平成エンタメ研究所

最近は政治ブログのようになって来ました。世を憂う日々。悪くなっていく社会にひと言。

肉屋

2007年02月11日 | 洋画
 「肉屋」という作品を見た。
 このジャンルをイタリアンエロスというらしい。
 音楽家の妻アリーナは夫が演奏会で世界をまわっていていつも独り。
 そんなアリーナがまさに筋肉のかたまりの様なたくましい「肉屋」に惹かれていく。

 アリーナは腺病質で身体が弱っている。
 食餌療法で肉を積極的に食べるように言われる。
 毎日、肉屋に通う。
 肉屋のブルーノのたくましい肉体。
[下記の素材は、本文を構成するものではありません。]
(* In the setting described in the context, let $0<h<h_\circ$ and $\mathcal D_{v,\circ}^h=\{x\in\mathbb R^d:1/2\le\Phi_v^h(x)\le2\}$. Then $|\nabla\Phi_v^h(x)|\ge 1/(20d)$ for all $x\in\mathcal D_{v,\circ}^h$.
   Context: $B_r$ is the open ball of radius $r$ centered at $0$ in $\mathbb R^d$, $2\le d\le4$. Let $\phi:\mathbb R^d\to\mathbb R$ coincide on $[-1,1]^d$ with an analytic convex function of finite type defined on $[-2,2]^d$ and vanish outside $[-1,1]^d$; finite type means there are an integer $k\ge2$ and $m>0$ with $\sum_{j=2}^k\frac1{j!}|(u\cdot\nabla)^j\phi(x)|\ge m$ for all $x\in[-1,1]^d$ and unit vectors $u$. For $v\in\mathbb R^d$ with $-v\in\nabla\phi(B_{1/4})$, let $\omega_v\in B_{1/4}$ be the unique point with $\nabla\phi(\omega_v)=-v$ and $\Phi_v(x)=\phi(x+\omega_v)+v\cdot x-\phi(\omega_v)$. There is $c_\phi>0$ with $(c_\phi|x|)^k\le\Phi_v(x)$ on $B_{1/2}$ for all such $v$; fix $0<h_\circ\le(c_\phi/4)^k$. For $0<h<h_\circ$ let $\mathcal B_v^h=\{x\in B_{1/2}:\Phi_v(x)<h/2\}$, let $T_v^h$ be an invertible affine map of $\mathbb R^d$ with $B_1\subset(T_v^h)^{-1}\mathcal B_v^h\subset B_d$, and set $\Phi_v^h(x)=h^{-1}\Phi_v(T_v^hx)$. Standing assumption: $h_\circ$ is small enough that every $\Phi_v^h$ is defined, convex and of finite type on a ball $B_{R_\circ}$ with $R_\circ\ge100d$. *)

theory Defs
  imports "HOL-Analysis.Analysis"
begin

definition multi_indices :: "('a::euclidean_space \<Rightarrow> nat) set" where
  "multi_indices = {\<alpha>. \<forall>i. i \<notin> Basis \<longrightarrow> \<alpha> i = 0}"

text \<open>Real analyticity: near every point, f is the (unconditionally, hence absolutely,
  convergent) sum of a multivariate power series in the coordinates.\<close>
definition real_analytic_on :: "('a::euclidean_space \<Rightarrow> real) \<Rightarrow> 'a set \<Rightarrow> bool" where
  "real_analytic_on f S \<longleftrightarrow>
     (\<forall>x0\<in>S. \<exists>r>0. \<exists>c :: ('a \<Rightarrow> nat) \<Rightarrow> real. \<forall>x\<in>ball x0 r.
        ((\<lambda>\<alpha>. c \<alpha> * (\<Prod>i\<in>Basis. ((x - x0) \<bullet> i) ^ \<alpha> i)) has_sum f x) multi_indices)"

definition grad :: "('a::euclidean_space \<Rightarrow> real) \<Rightarrow> 'a \<Rightarrow> 'a" where
  "grad f x = (THE g. (f has_derivative (\<lambda>y. g \<bullet> y)) (at x))"

definition dir_deriv :: "('a::euclidean_space \<Rightarrow> real) \<Rightarrow> 'a \<Rightarrow> 'a \<Rightarrow> nat \<Rightarrow> real" where
  "dir_deriv f x u j = (deriv ^^ j) (\<lambda>t::real. f (x + t *\<^sub>R u)) 0"

definition finite_type_on :: "'a set \<Rightarrow> ('a::euclidean_space \<Rightarrow> real) \<Rightarrow> nat \<Rightarrow> real \<Rightarrow> bool" where
  "finite_type_on S f k m \<longleftrightarrow> 2 \<le> k \<and> 0 < m \<and>
     (\<forall>x\<in>S. \<forall>u. norm u = 1 \<longrightarrow> m \<le> (\<Sum>j=2..k. \<bar>dir_deriv f x u j\<bar> / fact j))"

definition invertible_affine :: "('a::euclidean_space \<Rightarrow> 'a) \<Rightarrow> bool" where
  "invertible_affine T \<longleftrightarrow> (\<exists>A b. linear A \<and> bij A \<and> (\<forall>y. T y = A y + b))"

definition admissible :: "('a::euclidean_space \<Rightarrow> real) \<Rightarrow> 'a \<Rightarrow> bool" where
  "admissible phi v \<longleftrightarrow> - v \<in> grad phi ` ball 0 (1/4)"

definition omega :: "('a::euclidean_space \<Rightarrow> real) \<Rightarrow> 'a \<Rightarrow> 'a" where
  "omega phi v = (THE w. w \<in> ball 0 (1/4) \<and> grad phi w = - v)"

definition Phi_v :: "('a::euclidean_space \<Rightarrow> real) \<Rightarrow> 'a \<Rightarrow> 'a \<Rightarrow> real" where
  "Phi_v phi v x = phi (x + omega phi v) + v \<bullet> x - phi (omega phi v)"

definition B_vh :: "('a::euclidean_space \<Rightarrow> real) \<Rightarrow> 'a \<Rightarrow> real \<Rightarrow> 'a set" where
  "B_vh phi v h = {x \<in> ball 0 (1/2). Phi_v phi v x < h / 2}"

text \<open>T is the family of chosen affine normalisations T_v^h.\<close>
definition Phi_vh :: "('a::euclidean_space \<Rightarrow> real) \<Rightarrow> ('a \<Rightarrow> real \<Rightarrow> 'a \<Rightarrow> 'a) \<Rightarrow> 'a \<Rightarrow> real \<Rightarrow> 'a \<Rightarrow> real" where
  "Phi_vh phi T v h x = Phi_v phi v (T v h x) / h"

definition D_vh :: "('a::euclidean_space \<Rightarrow> real) \<Rightarrow> ('a \<Rightarrow> real \<Rightarrow> 'a \<Rightarrow> 'a) \<Rightarrow> 'a \<Rightarrow> real \<Rightarrow> 'a set" where
  "D_vh phi T v h = {x. 1/2 \<le> Phi_vh phi T v h x \<and> Phi_vh phi T v h x \<le> 2}"

end

theory Submission
  imports Defs
begin

text \<open>
  Write F for the normalised function Phi_v^h, d for the dimension and z for the preimage
  of 0 under T_v^h. F is convex on B_R0, F(z) = 0, and z lies in B_d because the normalised
  section does. Off B_d we have F >= 1/2: either Phi_v >= h/2 there directly, or the image
  point has norm at least 1/2; then the point of the segment from z whose image has norm 1/4
  already has F > 1, since (c/4)^k > h, and convexity along the segment carries this to the
  end point. Convexity along the segment from z to x, with F(x) <= 2, then forces
  |x - z| <= 8d, and the tangent inequality at x gives
  1/2 <= F(x) - F(z) <= grad F(x) . (x - z) <= 8d |grad F(x)|.
  F is differentiable at x because phi is real analytic: its power series has a quadratic
  remainder after the affine terms.
\<close>

definition multi_index_degree :: "('a::euclidean_space \<Rightarrow> nat) \<Rightarrow> nat" where
  "multi_index_degree \<alpha> = (\<Sum>i\<in>Basis. \<alpha> i)"

definition basis_monomial :: "'a::euclidean_space \<Rightarrow> ('a \<Rightarrow> nat) \<Rightarrow> real" where
  "basis_monomial h \<alpha> = (\<Prod>i\<in>Basis. (h \<bullet> i) ^ \<alpha> i)"

definition unit_multi_index :: "'a \<Rightarrow> 'a \<Rightarrow> nat" where
  "unit_multi_index i = (\<lambda>j. if j = i then 1 else 0)"

lemma norm_One_le_DIM: "norm (One :: 'a::euclidean_space) \<le> DIM('a)"
  using norm_sum[of "\<lambda>i. i" "Basis :: 'a set"] by simp

lemma low_degree_multi_indices:
  "{\<alpha> \<in> multi_indices. multi_index_degree \<alpha> \<le> 1} =
     insert (\<lambda>_. 0) (unit_multi_index ` (Basis :: 'a::euclidean_space set))"
proof (intro equalityI subsetI)
  fix \<alpha> :: "'a \<Rightarrow> nat"
  assume "\<alpha> \<in> {\<alpha> \<in> multi_indices. multi_index_degree \<alpha> \<le> 1}"
  then have supp: "\<And>j. j \<notin> Basis \<Longrightarrow> \<alpha> j = 0" and deg: "(\<Sum>j\<in>Basis. \<alpha> j) \<le> 1"
    by (auto simp: multi_indices_def multi_index_degree_def)
  show "\<alpha> \<in> insert (\<lambda>_. 0) (unit_multi_index ` Basis)"
  proof (cases "\<exists>i\<in>Basis. \<alpha> i \<noteq> 0")
    case True
    then obtain i where i: "i \<in> Basis" "\<alpha> i \<noteq> 0" by blast
    have "\<alpha> i + (\<Sum>j\<in>Basis - {i}. \<alpha> j) \<le> 1"
      using deg i(1) by (simp add: sum.remove)
    with i(2) have "\<alpha> i = 1" "(\<Sum>j\<in>Basis - {i}. \<alpha> j) = 0" by linarith+
    then have "\<alpha> j = unit_multi_index i j" for j
      using supp by (cases "j \<in> Basis") (auto simp: unit_multi_index_def)
    then have "\<alpha> = unit_multi_index i" ..
    with i(1) show ?thesis by blast
  next
    case False
    with supp have "\<alpha> = (\<lambda>_. 0)" by metis
    then show ?thesis by blast
  qed
qed (auto simp: multi_indices_def multi_index_degree_def unit_multi_index_def)
theorem proposition6:
  fixes a b :: real
  assumes "a > 0" and "b > 0" and "a + b = 1 / 2"
  shows "distr (beta_prime_measure a b \<Otimes>\<^sub>M beta_prime_measure a b) borel
            (\<lambda>(x, y). x + y)
       = distr (beta_prime_measure (2 * a) (2 * b) \<Otimes>\<^sub>M
                  (beta_measure a (1 / 2) \<Otimes>\<^sub>M beta_measure b (1 / 2))) borel
            (\<lambda>(x, y, z). x * (y + 1 / z))"
proof (rule measure_eqI)
  fix A
  assume "A \<in> sets (distr (beta_prime_measure a b \<Otimes>\<^sub>M beta_prime_measure a b) borel (\<lambda>(x, y). x + y))"
  then have "A \<in> sets borel" by simp
  then show "emeasure (distr (beta_prime_measure a b \<Otimes>\<^sub>M beta_prime_measure a b) borel (\<lambda>(x, y). x + y)) A
      = emeasure (distr (beta_prime_measure (2 * a) (2 * b) \<Otimes>\<^sub>M
                  (beta_measure a (1 / 2) \<Otimes>\<^sub>M beta_measure b (1 / 2))) borel (\<lambda>(x, y, z). x * (y + 1 / z))) A"
    using assms by (simp add: emeasure_distr_sum_beta_prime emeasure_distr_beta_prime_times_beta_mixture)
qed simp

end
(* Because S is a source set, every vertex that reaches S lies in S, and S is strongly connected,
   so w reaches every vertex that u reaches. In the underlying tree a vertex lies on every walk, in
   particular on every shortest directed path, between two vertices it separates. A vertex z
   outside S lies on a geodesic of M; if that geodesic starts at u, then z separates u (hence also
   w, which is joined to u by a geodesic inside S) from its end b, so z lies on a geodesic from w
   to b. A vertex z of S is not a leaf, so it has a neighbour on the side away from w, and the
   geodesic of M covering that neighbour provides a member b of M - {u} beyond z; again z lies on
   a geodesic from w to b. Sink sets are source sets of the reversed digraph. *)

definition walk :: "('a \<times> 'a) set \<Rightarrow> 'a list \<Rightarrow> bool" where
  "walk R p \<longleftrightarrow> p \<noteq> [] \<and> successively (\<lambda>x y. (x, y) \<in> R) p"

lemma walk_Nil [simp]: "\<not> walk R []"
  by (simp add: walk_def)

lemma walk_Cons: "walk R (x # xs) \<longleftrightarrow> xs = [] \<or> (x, hd xs) \<in> R \<and> walk R xs"
  by (auto simp: walk_def successively_Cons)

lemma walk_snoc: "walk R (xs @ [y]) \<longleftrightarrow> xs = [] \<or> walk R xs \<and> (last xs, y) \<in> R"
  by (auto simp: walk_def successively_append_iff)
目が虚ろになる。
 ブルーノはそんな妻を見て、自分を欲しがっていると感じる。
 ブルーノはアリーナに自分が他の女と交わっているところを見せつける。
 場所は肉屋の冷凍庫。女に激しく身体をぶつけていく。
 そしてアリーナにアプローチ。
「おまえは俺以上に浮気な女だ」肉を買いに来たアリーナに囁く。
 留守電にメッセージを残す。
「今日、そちらへ行くよ。もし俺の勘違いでなければ、家にいないでくれ」
 今日アリーナを抱きに行くが、もしその気がないのなら家にいないでくれというわけだ。
 果たしてアリーナはいる。
 そこからふたりの情事が始まる。
 アリーナは一晩だけのことでもう来ないでくれと言うが、ブルーノを拒めない。
 ブルーノの肉体が凄すぎるからだ。

 こんなシーンがあった。
 夫は演奏会で「ハレルヤ」を指揮している。
 その演奏シーンにアリーナとブルーノがセックスするシーンがカットバック。
 何とも皮肉なシーンだ。
 ブルーノとの情事で歓喜の表情のアリーナと夫とその聴衆の真面目くさった顔。
 セックスの歓喜と神を讃えるハレルヤ。
 そして、このシーンで物語の対立軸が見えてくる。
 観る者に問いかけてくる。
「あなたはどちらを望みますか?」

 肉体の素晴らしさ、肉体の復権をこの作品は描いている。
 セックスで肉体の炎を燃やす方がどんなに幸せであるか。
 肉体の結びつきはどんなに強く、肉体の愛はどんなに素晴らしいものであるか。
 ラストシーンは夫からの留守番電話で終わる。
「演奏会は大成功だった。明日、帰るよ」
 ブルーノとの情事の間、夫がアリーナにしたことはこうした留守番電話かFAX。
 空虚な言葉だけの結びつきと肉体の結びつき。
「あなたはどちらを選びますか?」とこの作品は問うている。